Apple is reportedly closing in on a deal that would see it pay Google about $1 billion annually for a custom version of the Gemini model to completely rebuild Siri.
The agreement, according to Bloomberg, would be one of Apple’s biggest collaborations with an external technology partner in years.
For now, Apple plans to rely on Google’s large-scale model, which has 1.2 trillion parameters, to strengthen Siri’s processing power and decision-making.
That’s nearly eight times more advanced than Apple’s current 150 billion-parameter cloud model. The company sees the deal as a temporary measure while it works to bring its own artificial intelligence system up to par.
Apple tested several models, including OpenAI’s ChatGPT and Anthropic’s Claude, before selecting Google’s Gemini earlier this year. Those close to the project said Apple concluded that Gemini offered the best blend of speed, reliability, and contextual understanding.
The revamped Siri, codenamed Linwood, is expected to launch next spring as part of iOS 26.4. The project, known internally as Glenwood, is being overseen by Mike Rockwell, the executive behind the Vision Pro headset, and software engineering chief Craig Federighi.
Under the terms being finalised, Google’s Gemini model will manage Siri’s “summariser” and “planner” functions, which help the assistant interpret user intent and coordinate complex actions.
However, Apple’s own models will still handle several on-device tasks. To protect user data, Gemini will operate within Apple’s Private Cloud Compute servers rather than Google’s infrastructure.

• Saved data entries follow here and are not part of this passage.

(* Let $A$ be a real $n\times n$ matrix and $\mathbf{c},\mathbf{d}\in\mathbb{R}^n$ with $A+A^T=\mathbf{c}\mathbf{d}^T$, and let $K=A-\tfrac12\mathbf{c}\mathbf{d}^T$. Let $\lambda\in\mathbb{R}$ and let $(\mathbf{x},\pi)$ be an optimal solution of $LP(\lambda)$. Then for every $\mathbf{v}\in\mathbb{R}^n$ with $\mathbf{v}^T\mathbf{x}=\lambda$, the probability vector $\mathbf{x}$ is a symmetric Nash equilibrium of the bimatrix game $(Z,Z^T)$, where $Z=K+\tfrac12\mathbf{c}\mathbf{v}^T$.
   Context: For fixed $\lambda\in\mathbb{R}$, $LP(\lambda)$ is the linear program in variables $\mathbf{x}\in\mathbb{R}^n,\pi\in\mathbb{R}$: maximize $\tfrac12\lambda\,\mathbf{x}^T\mathbf{c}-\pi$ subject to $K\mathbf{x}+\tfrac{\lambda}{2}\mathbf{c}\le\pi\mathbf{1}$ (componentwise), $\mathbf{x}\ge0$, $\sum_ix_i=1$; $\mathbf{1}$ is the all-ones vector. For a square matrix $Z$, a probability vector $\mathbf{x}$ is a symmetric Nash equilibrium of $(Z,Z^T)$ if $(\mathbf{x},\mathbf{x})$ is a Nash equilibrium, equivalently, $x_i>0$ implies $(Z\mathbf{x})_i=\max_k(Z\mathbf{x})_k$. *)

theory Defs
  imports "HOL-Analysis.Analysis"
begin

definition outer :: "real^'n \<Rightarrow> real^'n \<Rightarrow> real^'n^'n" where
  "outer c d = (\<chi> i j. c $ i * d $ j)"

definition prob_vec :: "real^'n \<Rightarrow> bool" where
  "prob_vec x \<longleftrightarrow> (\<forall>i. x $ i \<ge> 0) \<and> sum (\<lambda>i. x $ i) UNIV = 1"

definition LP_feasible :: "real^'n^'n \<Rightarrow> real^'n \<Rightarrow> real \<Rightarrow> real^'n \<Rightarrow> real \<Rightarrow> bool" where
  "LP_feasible K c lam x p \<longleftrightarrow>
     (\<forall>i. (K *v x) $ i + lam / 2 * c $ i \<le> p) \<and> prob_vec x"

definition LP_objective :: "real^'n \<Rightarrow> real \<Rightarrow> real^'n \<Rightarrow> real \<Rightarrow> real" where
  "LP_objective c lam x p = lam / 2 * (x \<bullet> c) - p"

definition LP_optimal :: "real^'n^'n \<Rightarrow> real^'n \<Rightarrow> real \<Rightarrow> real^'n \<Rightarrow> real \<Rightarrow> bool" where
  "LP_optimal K c lam x p \<longleftrightarrow> LP_feasible K c lam x p \<and>
     (\<forall>x' p'. LP_feasible K c lam x' p' \<longrightarrow> LP_objective c lam x' p' \<le> LP_objective c lam x p)"

definition nash_eq :: "real^'n^'n \<Rightarrow> real^'n^'n \<Rightarrow> real^'n \<Rightarrow> real^'n \<Rightarrow> bool" where
  "nash_eq A B x y \<longleftrightarrow> prob_vec x \<and> prob_vec y \<and>
     (\<forall>x'. prob_vec x' \<longrightarrow> x' \<bullet> (A *v y) \<le> x \<bullet> (A *v y)) \<and>
     (\<forall>y'. prob_vec y' \<longrightarrow> x \<bullet> (B *v y') \<le> x \<bullet> (B *v y))"

definition symmetric_nash :: "real^'n^'n \<Rightarrow> real^'n \<Rightarrow> bool" where
  "symmetric_nash Z x \<longleftrightarrow> nash_eq Z (transpose Z) x x"

end

theory Submission
  imports Defs
begin

text \<open>Since \<open>A + A\<^sup>T = c d\<^sup>T\<close>, the quadratic form of \<open>K\<close> vanishes.  Applying Brouwer's
  theorem to Nash's map for the field \<open>g y = K y + (\<lambda>/2) c - (\<lambda>/2)(y\<^sup>T c) 1\<close>, which is
  orthogonal to every \<open>y\<close> on the simplex, yields a feasible point of \<open>LP(\<lambda>)\<close> with objective
  value \<open>0\<close>; hence an optimal \<open>(x, \<pi>)\<close> has \<open>\<pi> \<le> (\<lambda>/2) x\<^sup>T c\<close>.  For \<open>v\<^sup>T x = \<lambda>\<close> we have
  \<open>Z x = K x + (\<lambda>/2) c \<le> \<pi> 1\<close> and \<open>x\<^sup>T Z x = (\<lambda>/2) x\<^sup>T c \<ge> \<pi>\<close>, so \<open>x\<close> is a best response
  to itself.\<close>

lemma compact_prob_vec: "compact {x::real^'n. prob_vec x}"
proof -
  have eq: "{x::real^'n. prob_vec x} = (\<Inter>i. {x. 0 \<le> x $ i}) \<inter> {x. sum (\<lambda>i. x $ i) UNIV = 1}"
    by (auto simp: prob_vec_def)
  have "closed {x::real^'n. 0 \<le> x $ i}" for i
    by (rule closed_Collect_le) (auto intro: continuous_intros)
  then have "closed {x::real^'n. prob_vec x}"
    unfolding eq by (intro closed_Int closed_INT closed_Collect_eq continuous_intros) auto
  moreover have "norm x \<le> 1" if "prob_vec x" for x :: "real^'n"
  proof -
    have "norm x \<le> sum (\<lambda>i. \<bar>x $ i\<bar>) UNIV" by (rule norm_le_l1_cart)
    also have "\<dots> = 1" using that by (simp add: prob_vec_def)
    finally show ?thesis .
  qed
  then have "bounded {x::real^'n. prob_vec x}"
    unfolding bounded_iff by blast
  ultimately show ?thesis using compact_eq_bounded_closed by blast
qed

lemma convex_prob_vec: "convex {x::real^'n. prob_vec x}"
  unfolding convex_def prob_vec_def
  by (auto simp: sum.distrib sum_distrib_left[symmetric])

lemma prob_vec_axis: "prob_vec (axis k (1::real))"
  by (auto simp: prob_vec_def axis_def)

lemma prob_vec_inner_one: "prob_vec y \<Longrightarrow> y \<bullet> 1 = 1"
  by (simp add: prob_vec_def inner_vec_def)

lemma prob_vec_inner_le:
  assumes "prob_vec y" and "\<And>i. u $ i \<le> a"
  shows "y \<bullet> u \<le> a"
proof -
  have "y \<bullet> u = (\<Sum>i\<in>UNIV. y $ i * u $ i)" by (simp add: inner_vec_def)
  also have "\<dots> \<le> (\<Sum>i\<in>UNIV. y $ i * a)"
    using assms by (intro sum_mono mult_left_mono) (auto simp: prob_vec_def)
  also have "\<dots> = a" using assms(1) by (simp add: prob_vec_def sum_distrib_right[symmetric])
  finally show ?thesis .
qed

text \<open>Nash's map \<open>f x = (x + g\<^sup>+ x) / (1 + \<Sum>\<^sub>j g\<^sup>+\<^sub>j x)\<close> has a fixed point \<open>x\<close>; there
  \<open>g\<^sup>+ x = s x\<close> with \<open>s = \<Sum>\<^sub>j g\<^sup>+\<^sub>j x\<close>, so \<open>\<Sum>\<^sub>i (g\<^sup>+\<^sub>i x)\<^sup>2 = s (x \<bullet> g x) = 0\<close>.\<close>
lemma prob_vec_orthogonal_field_nonpos:
  fixes g :: "real^'n \<Rightarrow> real^'n"
  assumes cont: "continuous_on {x. prob_vec x} g"
    and orth: "\<And>x. prob_vec x \<Longrightarrow> x \<bullet> g x = 0"
  shows "\<exists>x. prob_vec x \<and> (\<forall>i. g x $ i \<le> 0)"
proof -
  define S where "S = {x::real^'n. prob_vec x}"
  define s where "s x = (\<Sum>j\<in>UNIV. max 0 (g x $ j))" for x
  define f where "f x = (\<chi> i. (x $ i + max 0 (g x $ i)) / (1 + s x))" for x
  have s_nonneg: "s x \<ge> 0" for x unfolding s_def by (intro sum_nonneg) auto
  have "continuous_on S f"
    unfolding f_def S_def using s_nonneg unfolding s_def
    by (intro continuous_intros cont) (auto simp: add_nonneg_eq_0_iff)
  moreover have "f \<in> S \<rightarrow> S"
  proof
    fix x assume "x \<in> S"
    then have x: "prob_vec x" by (simp add: S_def)
    have "sum (\<lambda>i. f x $ i) UNIV = (\<Sum>i\<in>UNIV. x $ i + max 0 (g x $ i)) / (1 + s x)"
      by (simp add: f_def sum_divide_distrib)
    also have "\<dots> = 1"
      using x s_nonneg[of x] by (simp add: sum.distrib prob_vec_def s_def)
    finally show "f x \<in> S"
      using x s_nonneg[of x] by (auto simp: S_def f_def prob_vec_def)
  qed
  ultimately obtain x where "x \<in> S" and fix_x: "f x = x"
    using brouwer[of S f] compact_prob_vec convex_prob_vec prob_vec_axis
    unfolding S_def by blast
  then have x: "prob_vec x" by (simp add: S_def)
  have pos_part: "max 0 (g x $ i) = s x * x $ i" for i
  proof -
    have "(x $ i + max 0 (g x $ i)) / (1 + s x) = x $ i"
      using fix_x by (metis f_def vec_lambda_beta)
    then show ?thesis using s_nonneg[of x] by (simp add: field_simps)
  qed
  have "(\<Sum>i\<in>UNIV. (max 0 (g x $ i))\<^sup>2) = (\<Sum>i\<in>UNIV. s x * (x $ i * g x $ i))"
  proof (rule sum.cong)
    fix i
    have "(max 0 (g x $ i))\<^sup>2 = max 0 (g x $ i) * g x $ i"
      by (simp add: power2_eq_square max_def)
    then show "(max 0 (g x $ i))\<^sup>2 = s x * (x $ i * g x $ i)" by (simp add: pos_part)
  qed simp
  also have "\<dots> = s x * (x \<bullet> g x)" by (simp add: inner_vec_def sum_distrib_left)
  also have "\<dots> = 0" using orth[OF x] by simp
  finally have "\<forall>i\<in>UNIV. (max 0 (g x $ i))\<^sup>2 = 0"
    by (subst sum_nonneg_eq_0_iff[symmetric]) auto
  then have "max 0 (g x $ i) = 0" for i by simp
  then have "\<forall>i. g x $ i \<le> 0" by (metis max.cobounded2)
  with x show ?thesis by blast
qed

lemma outer_mult_vec: "outer a b *v y = (b \<bullet> y) *\<^sub>R a"
  by (simp add: outer_def matrix_vector_mult_def inner_vec_def sum_distrib_left vec_eq_iff
      algebra_simps)

lemma inner_skew_part_mult_vec_self_eq_0:
  fixes A B :: "real^'n^'n"
  assumes "A + transpose A = B"
  shows "y \<bullet> ((A - (1/2) *\<^sub>R B) *v y) = 0"
proof -
  have "y \<bullet> (transpose A *v y) = y \<bullet> (A *v y)"
    using dot_lmul_matrix[of y A y] by (simp add: inner_commute)
  then have "y \<bullet> (B *v y) = 2 * (y \<bullet> (A *v y))"
    using assms[symmetric] by (simp add: matrix_vector_mult_add_rdistrib inner_add_right)
  then show ?thesis
    by (simp add: matrix_vector_mult_diff_rdistrib scaleR_matrix_vector_assoc[symmetric]
        inner_diff_right)
qed

lemma LP_optimal_value_bound:
  assumes K: "\<And>y. y \<bullet> (K *v y) = 0"
    and opt: "LP_optimal K c lam x p"
  shows "p \<le> lam / 2 * (x \<bullet> c)"
proof -
  define g where "g y = K *v y + (lam/2) *\<^sub>R c - (lam/2 * (y \<bullet> c)) *\<^sub>R 1" for y
  have "continuous_on {y. prob_vec y} (\<lambda>y. K *v y)"
    using matrix_vector_mul_linear linear_conv_bounded_linear linear_continuous_on by blast
  then have "continuous_on {y. prob_vec y} g"
    unfolding g_def by (intro continuous_intros)
  moreover have "y \<bullet> g y = 0" if "prob_vec y" for y
    using K[of y] prob_vec_inner_one[OF that]
    by (simp add: g_def inner_diff_right inner_add_right inner_commute)
  ultimately obtain y where y: "prob_vec y" and "\<forall>i. g y $ i \<le> 0"
    using prob_vec_orthogonal_field_nonpos by blast
  then have "LP_feasible K c lam y (lam/2 * (y \<bullet> c))"
    by (simp add: LP_feasible_def g_def)
  then have "LP_objective c lam y (lam/2 * (y \<bullet> c)) \<le> LP_objective c lam x p"
    using opt by (simp add: LP_optimal_def)
  then show ?thesis by (simp add: LP_objective_def inner_commute)
qed

lemma symmetric_nashI:
  assumes "prob_vec x" and "\<And>i. (Z *v x) $ i \<le> x \<bullet> (Z *v x)"
  shows "symmetric_nash Z x"
proof -
  have "x \<bullet> (transpose Z *v y) = y \<bullet> (Z *v x)" for y
    using dot_lmul_matrix[of y Z x] by (simp add: inner_commute)
  then show ?thesis
    using assms prob_vec_inner_le[of _ "Z *v x"]
    by (simp add: symmetric_nash_def nash_eq_def)
qed

theorem lemma4p4:
  fixes A :: "real^'n^'n" and c d v x :: "real^'n" and lam p :: real
  assumes "A + transpose A = outer c d"
    and "LP_optimal (A - (1/2) *\<^sub>R outer c d) c lam x p"
    and "v \<bullet> x = lam"
  shows "symmetric_nash ((A - (1/2) *\<^sub>R outer c d) + (1/2) *\<^sub>R outer c v) x"
proof -
  define K where "K = A - (1/2) *\<^sub>R outer c d"
  define Z where "Z = K + (1/2) *\<^sub>R outer c v"
  have K: "y \<bullet> (K *v y) = 0" for y
    unfolding K_def using assms(1) by (rule inner_skew_part_mult_vec_self_eq_0)
  have opt: "LP_optimal K c lam x p" using assms(2) by (simp add: K_def)
  then have x: "prob_vec x" and feasible: "\<And>i. (K *v x) $ i + lam / 2 * c $ i \<le> p"
    by (auto simp: LP_optimal_def LP_feasible_def)
  have Zx: "Z *v x = K *v x + (lam / 2) *\<^sub>R c"
    using assms(3) by (simp add: Z_def matrix_vector_mult_add_rdistrib
        scaleR_matrix_vector_assoc[symmetric] outer_mult_vec)
  have "p \<le> x \<bullet> (Z *v x)"
    using LP_optimal_value_bound[OF K opt] K[of x] by (simp add: Zx inner_add_right)
  moreover have "(Z *v x) $ i \<le> p" for i
    using feasible[of i] by (simp add: Zx)
  ultimately have "(Z *v x) $ i \<le> x \<bullet> (Z *v x)" for i
    using order_trans by blast
  with x show ?thesis
    unfolding Z_def K_def by (rule symmetric_nashI)
qed

end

Neither company has commented publicly on the partnership. Unlike the Safari search deal, Apple is expected to keep Google’s role behind the scenes, branding Siri’s improvements under its own ecosystem rather than sharing credit.
The collaboration is a rare moment of pragmatism from Apple, which has long avoided outsourcing key software capabilities. But as competitors like OpenAI, Microsoft, and Google grow quickly, Apple appears more willing to depend on outside systems, at least for now, to maintain competitiveness.
Despite leaning on Google, Apple has not abandoned its vision to build proprietary AI tools. The company’s in-house models team is reportedly developing a trillion-parameter cloud model, aiming to match Gemini’s quality by next year. Executives say they can phase out the Google technology in due course.
Globally, Apple is also preparing a version of the new Siri for the Chinese market, where Google services are banned. The Chinese variant is expected to run entirely on Apple’s own models with a compliance layer from Alibaba Group, tailored to meet local regulatory demands.
Shares of both companies briefly rose after reports of the talks surfaced, Apple gaining less than 1% to $271.70, and Alphabet rising as much as 3.2% to $286.42.